Helping with homework

by Rod Smith

“I usually end up almost doing my son’s homework for him. This makes my husband very angry. it causes conflict within our family. My son (11) is bright but I do admit he is often lazy. What should I do?”

Divided attention!

Divided attention!

Stop. The child has no incentive to do his homework while you run interference on his behalf. Unless your son has some diagnosable learning challenge (and even then doing his homework for him is unlikely to be the prescribed treatment) I’d suggest you leave everything about your son’s progress at school up to your son.

Without desiring to insult or offend you, or any parent, I’d suggest that your behavior possibly suggests you are overly involved with your son to the point of neglecting your own well being. Healthier parenting, in my opinion, would offer a child divided attention (I did not really mean “undivided”) given that the sooner children take full responsibility for their own lives, the better life is for everyone in the families.

(Papers edited me, thinking I must surely mean UN-divided attention).

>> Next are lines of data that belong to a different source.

lemma sum_multiples_square_le:
  fixes G :: "int \<Rightarrow> real" and L N :: nat
  assumes G_nonneg: "\<And>n. 0 \<le> G n" and bessel: "\<And>P. finite P \<Longrightarrow> (\<Sum>n\<in>P. (G n)\<^sup>2) \<le> B"
  shows "(\<Sum>l\<in>{1..L}. \<Sum>m\<in>{1..<N}. G (int m * int l))\<^sup>2 \<le> real L * real N * (harm N)\<^sup>2 * B"
proof -
  define X where "X = {1..L}\<times>{1..<N}"
  define \<phi> where "\<phi> x = fst x * snd x" for x :: "nat \<times> nat"
  define r where "r n = card {y\<in>X. \<phi> y = n}" for n
  have "finite X"
    unfolding X_def by simp
  have "(\<Sum>l\<in>{1..L}. \<Sum>m\<in>{1..<N}. G (int m * int l)) = (\<Sum>x\<in>X. G (int (\<phi> x)))"
    unfolding X_def \<phi>_def by (simp add: sum.cartesian_product case_prod_beta mult.commute)
  also have "\<dots> = (\<Sum>n\<in>\<phi> ` X. real (r n) * G (int n))"
    unfolding r_def using sum.image_gen[OF \<open>finite X\<close>, of "\<lambda>x. G (int (\<phi> x))" \<phi>]
    by simp
  finally have sum_eq: "(\<Sum>l\<in>{1..L}. \<Sum>m\<in>{1..<N}. G (int m * int l)) = (\<Sum>n\<in>\<phi> ` X. real (r n) * G (int n))" .
  have energy: "(\<Sum>n\<in>\<phi> ` X. (real (r n))\<^sup>2) = (\<Sum>x\<in>X. real (r (\<phi> x)))"
    unfolding r_def using sum.image_gen[OF \<open>finite X\<close>, of "\<lambda>x. real (r (\<phi> x))" \<phi>]
    by (simp add: power2_eq_square r_def)
  have G_bound: "(\<Sum>n\<in>\<phi> ` X. (G (int n))\<^sup>2) \<le> B"
    using bessel[of "int ` \<phi> ` X"] \<open>finite X\<close> by (simp add: sum.reindex)
  have "(\<Sum>n\<in>\<phi> ` X. real (r n) * G (int n))\<^sup>2 \<le> (\<Sum>n\<in>\<phi> ` X. (real (r n))\<^sup>2) * (\<Sum>n\<in>\<phi> ` X. (G (int n))\<^sup>2)"
    by (rule Cauchy_Schwarz_ineq_sum)
  also have "\<dots> \<le> (\<Sum>x\<in>X. real (r (\<phi> x))) * B"
    unfolding energy by (intro mult_left_mono G_bound sum_nonneg) simp
  also have "\<dots> \<le> real L * real N * (harm N)\<^sup>2 * B"
    using multiplicative_energy_le[of L N] bessel[of "{}"]
    by (intro mult_right_mono) (simp_all add: X_def r_def \<phi>_def)
  finally show ?thesis
    unfolding sum_eq .
qed

lemma exists_step_small_sum:
  fixes G :: "int \<Rightarrow> real" and L N :: nat
  assumes G_nonneg: "\<And>n. 0 \<le> G n" and bessel: "\<And>P. finite P \<Longrightarrow> (\<Sum>n\<in>P. (G n)\<^sup>2) \<le> B"
    and "\<epsilon> > 0" "L \<ge> 1" and large: "B * real N * (harm N)\<^sup>2 \<le> real L * \<epsilon>\<^sup>2"
  shows "\<exists>l\<in>{1..L}. (\<Sum>m\<in>{1..<N}. G (int m * int l)) \<le> \<epsilon>"
proof (rule ccontr)
  assume "\<not> ?thesis"
  then have "real L * \<epsilon> < (\<Sum>l\<in>{1..L}. \<Sum>m\<in>{1..<N}. G (int m * int l))"
    using \<open>L \<ge> 1\<close> sum_strict_mono[of "{1..L}" "\<lambda>_. \<epsilon>"] by (simp add: not_le)
  then have "(real L * \<epsilon>)\<^sup>2 < (\<Sum>l\<in>{1..L}. \<Sum>m\<in>{1..<N}. G (int m * int l))\<^sup>2"
    by (rule power_strict_mono) (use \<open>\<epsilon> > 0\<close> in auto)
  also have "\<dots> \<le> real L * (B * real N * (harm N)\<^sup>2)"
    using sum_multiples_square_le[OF G_nonneg bessel, where L=L and N=N] by (simp add: mult_ac)
  also have "\<dots> \<le> real L * (real L * \<epsilon>\<^sup>2)"
    by (rule mult_left_mono[OF large]) simp
  finally show False
    by (simp add: power2_eq_square mult_ac)
qed

lemma harm_le_one_plus_ln: "n \<ge> 1 \<Longrightarrow> harm n \<le> 1 + ln (real n)"
  using euler_mascheroni_sequence_decreasing[of 1 n] by (simp add: harm_def)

3 Responses to “Helping with homework”

  1. Katharine P Lange's avatar

    Fathers can be overbearing too, you know.

    • Rod Smith's avatar

      Of course. And fathers can do similar damage by under-functioning and thus helping mothers to over-function. Neither being helpful for the family or the child. In this instance, it is a mother who is writing to me. Thanks for reading my stuff, Katherine, and for being my friend for almost 20 years.